== Segment start ==

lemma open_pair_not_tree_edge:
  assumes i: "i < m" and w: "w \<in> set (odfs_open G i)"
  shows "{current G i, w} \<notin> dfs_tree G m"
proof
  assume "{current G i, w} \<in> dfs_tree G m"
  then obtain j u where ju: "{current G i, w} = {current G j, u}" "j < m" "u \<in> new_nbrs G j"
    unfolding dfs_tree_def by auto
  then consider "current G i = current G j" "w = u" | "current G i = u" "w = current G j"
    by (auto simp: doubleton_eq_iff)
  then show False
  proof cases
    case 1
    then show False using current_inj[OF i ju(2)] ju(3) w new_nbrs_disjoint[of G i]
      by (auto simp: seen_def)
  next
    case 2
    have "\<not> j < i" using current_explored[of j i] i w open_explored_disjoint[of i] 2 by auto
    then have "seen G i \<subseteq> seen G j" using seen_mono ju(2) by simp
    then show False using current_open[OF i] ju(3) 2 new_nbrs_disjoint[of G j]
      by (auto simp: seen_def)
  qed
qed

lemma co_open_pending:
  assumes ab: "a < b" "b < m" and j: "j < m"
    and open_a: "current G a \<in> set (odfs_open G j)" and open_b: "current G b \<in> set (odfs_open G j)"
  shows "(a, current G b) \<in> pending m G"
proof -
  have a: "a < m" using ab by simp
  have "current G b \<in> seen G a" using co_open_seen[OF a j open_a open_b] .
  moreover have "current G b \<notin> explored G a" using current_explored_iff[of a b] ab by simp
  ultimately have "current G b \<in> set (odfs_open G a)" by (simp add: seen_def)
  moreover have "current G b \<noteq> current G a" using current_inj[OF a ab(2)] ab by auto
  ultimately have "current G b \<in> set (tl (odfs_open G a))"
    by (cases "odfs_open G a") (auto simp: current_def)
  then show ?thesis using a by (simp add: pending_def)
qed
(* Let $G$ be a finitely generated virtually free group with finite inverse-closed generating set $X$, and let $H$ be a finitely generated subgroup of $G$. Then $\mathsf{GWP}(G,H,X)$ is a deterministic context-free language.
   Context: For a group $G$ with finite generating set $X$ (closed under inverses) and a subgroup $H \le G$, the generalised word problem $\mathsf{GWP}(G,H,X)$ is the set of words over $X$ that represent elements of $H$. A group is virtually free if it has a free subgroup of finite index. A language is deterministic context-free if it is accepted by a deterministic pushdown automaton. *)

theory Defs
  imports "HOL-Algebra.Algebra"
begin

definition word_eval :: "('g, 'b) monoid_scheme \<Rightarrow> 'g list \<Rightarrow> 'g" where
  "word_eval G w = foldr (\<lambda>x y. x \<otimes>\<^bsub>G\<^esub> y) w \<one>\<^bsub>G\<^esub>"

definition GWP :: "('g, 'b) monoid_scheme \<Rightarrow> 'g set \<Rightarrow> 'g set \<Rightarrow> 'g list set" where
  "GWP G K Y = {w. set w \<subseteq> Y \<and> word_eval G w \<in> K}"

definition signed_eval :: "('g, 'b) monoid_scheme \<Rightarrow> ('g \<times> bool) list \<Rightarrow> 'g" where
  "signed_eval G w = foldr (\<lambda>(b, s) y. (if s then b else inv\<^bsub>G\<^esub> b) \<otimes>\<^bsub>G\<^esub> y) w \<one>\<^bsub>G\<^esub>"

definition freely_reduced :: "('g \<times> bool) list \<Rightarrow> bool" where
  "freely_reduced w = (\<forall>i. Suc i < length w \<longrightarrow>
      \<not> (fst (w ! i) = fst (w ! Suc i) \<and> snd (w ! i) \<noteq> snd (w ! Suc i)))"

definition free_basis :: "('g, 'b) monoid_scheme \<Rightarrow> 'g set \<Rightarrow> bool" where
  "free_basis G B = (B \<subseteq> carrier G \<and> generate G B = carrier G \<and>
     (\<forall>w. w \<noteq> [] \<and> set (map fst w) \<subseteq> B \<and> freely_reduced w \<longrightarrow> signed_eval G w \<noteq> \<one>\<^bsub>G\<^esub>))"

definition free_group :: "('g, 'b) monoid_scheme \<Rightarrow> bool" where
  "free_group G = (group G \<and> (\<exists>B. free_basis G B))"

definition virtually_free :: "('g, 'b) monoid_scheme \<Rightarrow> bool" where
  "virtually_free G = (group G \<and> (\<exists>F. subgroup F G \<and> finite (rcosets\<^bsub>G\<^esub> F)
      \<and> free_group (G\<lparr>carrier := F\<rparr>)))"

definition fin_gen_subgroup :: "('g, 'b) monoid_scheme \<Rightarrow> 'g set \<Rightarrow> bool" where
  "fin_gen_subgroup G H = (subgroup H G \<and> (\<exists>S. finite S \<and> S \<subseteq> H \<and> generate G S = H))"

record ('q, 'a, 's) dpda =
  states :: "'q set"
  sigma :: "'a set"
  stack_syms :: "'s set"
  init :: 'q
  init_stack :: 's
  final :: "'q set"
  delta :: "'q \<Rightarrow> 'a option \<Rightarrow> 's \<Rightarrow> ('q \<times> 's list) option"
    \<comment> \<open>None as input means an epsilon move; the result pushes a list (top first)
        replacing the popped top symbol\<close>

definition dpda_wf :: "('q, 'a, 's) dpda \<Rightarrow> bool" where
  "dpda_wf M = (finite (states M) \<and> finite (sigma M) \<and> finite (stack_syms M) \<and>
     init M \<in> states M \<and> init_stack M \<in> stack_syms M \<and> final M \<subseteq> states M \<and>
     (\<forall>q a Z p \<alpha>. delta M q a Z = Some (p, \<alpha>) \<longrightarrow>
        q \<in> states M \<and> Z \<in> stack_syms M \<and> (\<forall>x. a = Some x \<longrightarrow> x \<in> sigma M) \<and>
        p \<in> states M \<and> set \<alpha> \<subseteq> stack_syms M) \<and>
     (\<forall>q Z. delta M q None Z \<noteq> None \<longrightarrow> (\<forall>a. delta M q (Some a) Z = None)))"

== Segment end ==

• [WORK TO COMPLETE]
When a line in the listing above holds the word "None", copy it.

• [SOLUTION FOR THIS EXERCISE]
    \<comment> \<open>None as input means an epsilon move; the result pushes a list (top first)
     (\<forall>q Z. delta M q None Z \<noteq> None \<longrightarrow> (\<forall>a. delta M q (Some a) Z = None)))"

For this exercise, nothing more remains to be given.